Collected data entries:
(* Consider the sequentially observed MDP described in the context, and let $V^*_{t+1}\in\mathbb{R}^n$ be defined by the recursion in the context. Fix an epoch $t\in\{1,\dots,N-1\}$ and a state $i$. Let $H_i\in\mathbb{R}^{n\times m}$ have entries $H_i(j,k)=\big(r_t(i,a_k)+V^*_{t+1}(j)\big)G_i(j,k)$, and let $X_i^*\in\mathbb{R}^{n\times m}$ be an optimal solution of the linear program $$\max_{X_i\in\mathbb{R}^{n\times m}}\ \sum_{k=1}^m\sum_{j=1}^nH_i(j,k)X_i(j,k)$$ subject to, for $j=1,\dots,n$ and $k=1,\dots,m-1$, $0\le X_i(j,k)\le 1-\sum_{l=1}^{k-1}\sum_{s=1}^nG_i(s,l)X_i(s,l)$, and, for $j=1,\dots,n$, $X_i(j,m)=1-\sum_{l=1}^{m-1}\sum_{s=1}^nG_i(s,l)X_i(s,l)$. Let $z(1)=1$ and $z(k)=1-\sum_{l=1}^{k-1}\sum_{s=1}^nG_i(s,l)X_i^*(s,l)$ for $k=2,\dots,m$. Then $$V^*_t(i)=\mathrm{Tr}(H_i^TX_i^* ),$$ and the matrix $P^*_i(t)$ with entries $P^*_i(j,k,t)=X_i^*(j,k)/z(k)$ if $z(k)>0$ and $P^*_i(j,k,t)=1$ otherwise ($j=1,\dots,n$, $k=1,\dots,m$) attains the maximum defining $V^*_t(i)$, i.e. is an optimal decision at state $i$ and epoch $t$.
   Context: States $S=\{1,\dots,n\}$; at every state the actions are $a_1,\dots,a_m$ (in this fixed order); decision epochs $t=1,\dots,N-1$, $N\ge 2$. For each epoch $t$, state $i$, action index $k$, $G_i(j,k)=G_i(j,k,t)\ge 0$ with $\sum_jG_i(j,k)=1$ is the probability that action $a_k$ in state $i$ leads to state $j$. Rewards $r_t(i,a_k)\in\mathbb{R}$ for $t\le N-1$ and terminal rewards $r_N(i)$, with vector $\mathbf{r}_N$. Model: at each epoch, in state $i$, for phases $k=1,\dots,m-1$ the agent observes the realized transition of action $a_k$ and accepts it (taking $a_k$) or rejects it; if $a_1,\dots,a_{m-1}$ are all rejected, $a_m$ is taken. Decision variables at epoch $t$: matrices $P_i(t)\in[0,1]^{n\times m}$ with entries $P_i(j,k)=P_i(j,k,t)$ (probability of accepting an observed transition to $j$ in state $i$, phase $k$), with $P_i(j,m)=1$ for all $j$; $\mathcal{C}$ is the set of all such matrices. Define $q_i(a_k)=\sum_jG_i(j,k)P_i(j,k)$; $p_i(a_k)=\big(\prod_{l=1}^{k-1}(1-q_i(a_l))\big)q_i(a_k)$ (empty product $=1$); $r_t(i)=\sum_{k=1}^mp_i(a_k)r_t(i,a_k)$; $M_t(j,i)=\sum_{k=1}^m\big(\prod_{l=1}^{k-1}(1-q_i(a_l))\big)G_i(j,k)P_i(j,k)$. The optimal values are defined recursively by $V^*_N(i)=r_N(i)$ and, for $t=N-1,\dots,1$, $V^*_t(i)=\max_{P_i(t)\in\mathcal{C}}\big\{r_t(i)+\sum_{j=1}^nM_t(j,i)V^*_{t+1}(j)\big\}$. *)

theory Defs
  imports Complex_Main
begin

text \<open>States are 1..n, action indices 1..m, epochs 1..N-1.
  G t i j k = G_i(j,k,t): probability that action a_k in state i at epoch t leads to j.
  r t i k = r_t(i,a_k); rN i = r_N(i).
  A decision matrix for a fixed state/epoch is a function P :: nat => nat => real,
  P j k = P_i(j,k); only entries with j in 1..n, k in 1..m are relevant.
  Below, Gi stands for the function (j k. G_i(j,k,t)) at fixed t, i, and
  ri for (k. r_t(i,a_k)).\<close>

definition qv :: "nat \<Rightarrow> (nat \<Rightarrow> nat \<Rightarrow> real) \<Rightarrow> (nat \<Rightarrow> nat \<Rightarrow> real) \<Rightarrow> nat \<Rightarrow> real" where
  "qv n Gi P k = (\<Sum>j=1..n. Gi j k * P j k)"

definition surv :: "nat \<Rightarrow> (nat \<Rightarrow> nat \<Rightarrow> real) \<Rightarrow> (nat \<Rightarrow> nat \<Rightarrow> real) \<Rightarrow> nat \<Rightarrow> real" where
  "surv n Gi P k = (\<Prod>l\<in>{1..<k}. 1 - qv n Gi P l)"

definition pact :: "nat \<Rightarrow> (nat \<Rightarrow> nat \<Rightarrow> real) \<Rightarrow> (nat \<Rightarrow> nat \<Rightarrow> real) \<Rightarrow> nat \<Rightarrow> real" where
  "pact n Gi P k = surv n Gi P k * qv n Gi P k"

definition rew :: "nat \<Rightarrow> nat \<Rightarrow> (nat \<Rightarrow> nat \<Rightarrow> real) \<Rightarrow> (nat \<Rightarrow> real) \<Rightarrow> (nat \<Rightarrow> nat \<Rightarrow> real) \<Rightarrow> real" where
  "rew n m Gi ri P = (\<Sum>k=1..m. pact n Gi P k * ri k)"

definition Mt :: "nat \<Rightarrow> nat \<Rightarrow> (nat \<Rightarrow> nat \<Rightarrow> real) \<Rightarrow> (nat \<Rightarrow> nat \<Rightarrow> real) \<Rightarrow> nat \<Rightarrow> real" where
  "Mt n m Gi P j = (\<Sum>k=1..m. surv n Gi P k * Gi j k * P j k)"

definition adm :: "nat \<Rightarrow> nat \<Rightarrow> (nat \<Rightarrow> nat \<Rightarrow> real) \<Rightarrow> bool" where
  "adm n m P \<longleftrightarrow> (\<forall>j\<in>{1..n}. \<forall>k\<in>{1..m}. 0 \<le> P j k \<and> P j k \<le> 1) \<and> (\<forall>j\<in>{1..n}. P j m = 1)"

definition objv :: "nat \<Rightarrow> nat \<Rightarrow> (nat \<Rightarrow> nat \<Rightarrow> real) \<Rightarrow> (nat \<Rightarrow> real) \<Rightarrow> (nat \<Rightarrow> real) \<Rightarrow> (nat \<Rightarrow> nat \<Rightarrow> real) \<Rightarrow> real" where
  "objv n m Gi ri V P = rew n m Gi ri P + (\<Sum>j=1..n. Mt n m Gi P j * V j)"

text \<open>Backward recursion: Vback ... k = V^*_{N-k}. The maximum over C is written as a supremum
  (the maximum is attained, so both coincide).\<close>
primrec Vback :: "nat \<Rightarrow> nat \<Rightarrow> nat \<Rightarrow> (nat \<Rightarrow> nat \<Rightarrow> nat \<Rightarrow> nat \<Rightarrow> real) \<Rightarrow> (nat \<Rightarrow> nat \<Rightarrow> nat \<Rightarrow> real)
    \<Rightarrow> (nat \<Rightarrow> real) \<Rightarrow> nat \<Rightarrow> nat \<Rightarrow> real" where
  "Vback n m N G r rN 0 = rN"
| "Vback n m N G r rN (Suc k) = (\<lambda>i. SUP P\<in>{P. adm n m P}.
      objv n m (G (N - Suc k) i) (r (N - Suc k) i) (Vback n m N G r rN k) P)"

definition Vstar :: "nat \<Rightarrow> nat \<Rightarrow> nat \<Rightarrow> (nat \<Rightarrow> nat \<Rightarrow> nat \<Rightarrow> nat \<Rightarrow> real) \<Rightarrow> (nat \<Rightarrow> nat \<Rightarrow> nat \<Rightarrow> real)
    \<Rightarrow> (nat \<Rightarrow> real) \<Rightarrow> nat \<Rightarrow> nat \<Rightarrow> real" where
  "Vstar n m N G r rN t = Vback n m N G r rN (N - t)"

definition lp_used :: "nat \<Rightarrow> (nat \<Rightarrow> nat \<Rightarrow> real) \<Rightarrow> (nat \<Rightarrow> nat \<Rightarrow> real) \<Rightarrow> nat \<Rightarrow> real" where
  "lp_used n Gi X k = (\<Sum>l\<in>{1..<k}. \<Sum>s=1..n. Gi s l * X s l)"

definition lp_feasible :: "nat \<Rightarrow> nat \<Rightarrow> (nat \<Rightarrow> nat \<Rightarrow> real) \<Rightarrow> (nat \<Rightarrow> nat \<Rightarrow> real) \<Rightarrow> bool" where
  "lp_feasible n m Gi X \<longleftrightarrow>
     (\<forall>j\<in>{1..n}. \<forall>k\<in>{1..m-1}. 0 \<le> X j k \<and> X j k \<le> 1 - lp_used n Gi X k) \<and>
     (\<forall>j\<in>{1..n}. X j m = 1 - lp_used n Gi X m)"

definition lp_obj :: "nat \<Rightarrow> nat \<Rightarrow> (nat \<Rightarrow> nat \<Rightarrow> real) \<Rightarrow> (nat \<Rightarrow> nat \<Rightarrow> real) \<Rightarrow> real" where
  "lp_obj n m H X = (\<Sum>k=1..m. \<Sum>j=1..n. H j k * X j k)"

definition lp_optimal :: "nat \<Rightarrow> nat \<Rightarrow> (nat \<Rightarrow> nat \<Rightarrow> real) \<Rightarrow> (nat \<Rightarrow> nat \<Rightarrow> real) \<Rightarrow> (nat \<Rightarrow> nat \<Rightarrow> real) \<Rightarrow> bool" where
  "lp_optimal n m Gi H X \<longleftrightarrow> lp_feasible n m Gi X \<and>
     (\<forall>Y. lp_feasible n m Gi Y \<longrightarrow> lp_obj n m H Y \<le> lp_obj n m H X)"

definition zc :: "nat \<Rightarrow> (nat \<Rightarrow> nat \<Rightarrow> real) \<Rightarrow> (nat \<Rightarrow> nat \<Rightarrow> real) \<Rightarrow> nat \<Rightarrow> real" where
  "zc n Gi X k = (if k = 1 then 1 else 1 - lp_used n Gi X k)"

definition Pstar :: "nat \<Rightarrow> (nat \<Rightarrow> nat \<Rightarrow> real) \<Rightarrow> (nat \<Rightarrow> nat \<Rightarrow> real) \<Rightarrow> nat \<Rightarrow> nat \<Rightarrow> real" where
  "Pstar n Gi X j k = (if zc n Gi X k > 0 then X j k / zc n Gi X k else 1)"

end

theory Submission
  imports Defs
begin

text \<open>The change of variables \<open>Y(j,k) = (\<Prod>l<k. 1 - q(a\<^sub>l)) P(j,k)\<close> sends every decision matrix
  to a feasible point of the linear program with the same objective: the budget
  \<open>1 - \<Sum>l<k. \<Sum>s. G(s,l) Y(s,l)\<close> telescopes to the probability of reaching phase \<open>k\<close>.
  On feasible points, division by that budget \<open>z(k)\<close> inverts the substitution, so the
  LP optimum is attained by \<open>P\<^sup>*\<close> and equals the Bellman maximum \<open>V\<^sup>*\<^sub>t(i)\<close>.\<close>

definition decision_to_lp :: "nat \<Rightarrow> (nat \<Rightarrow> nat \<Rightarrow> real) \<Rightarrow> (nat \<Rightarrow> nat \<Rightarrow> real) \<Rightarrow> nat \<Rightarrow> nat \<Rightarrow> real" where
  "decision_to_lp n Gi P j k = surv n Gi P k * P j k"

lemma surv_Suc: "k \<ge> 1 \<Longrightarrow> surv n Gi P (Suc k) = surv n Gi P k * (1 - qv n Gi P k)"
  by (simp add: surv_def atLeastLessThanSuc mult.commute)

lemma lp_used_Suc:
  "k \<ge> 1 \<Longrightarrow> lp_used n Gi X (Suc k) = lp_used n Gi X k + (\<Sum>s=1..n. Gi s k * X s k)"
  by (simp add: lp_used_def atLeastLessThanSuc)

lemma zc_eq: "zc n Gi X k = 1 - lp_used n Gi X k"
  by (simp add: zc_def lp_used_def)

TASK GOAL: Exactly and exclusively, repeat the lines from the line that contains "by (simp add: lp_used_def" through the end of the records, both ends included.

THE COMPLETED TASK:
  by (simp add: lp_used_def atLeastLessThanSuc)

lemma zc_eq: "zc n Gi X k = 1 - lp_used n Gi X k"
  by (simp add: zc_def lp_used_def)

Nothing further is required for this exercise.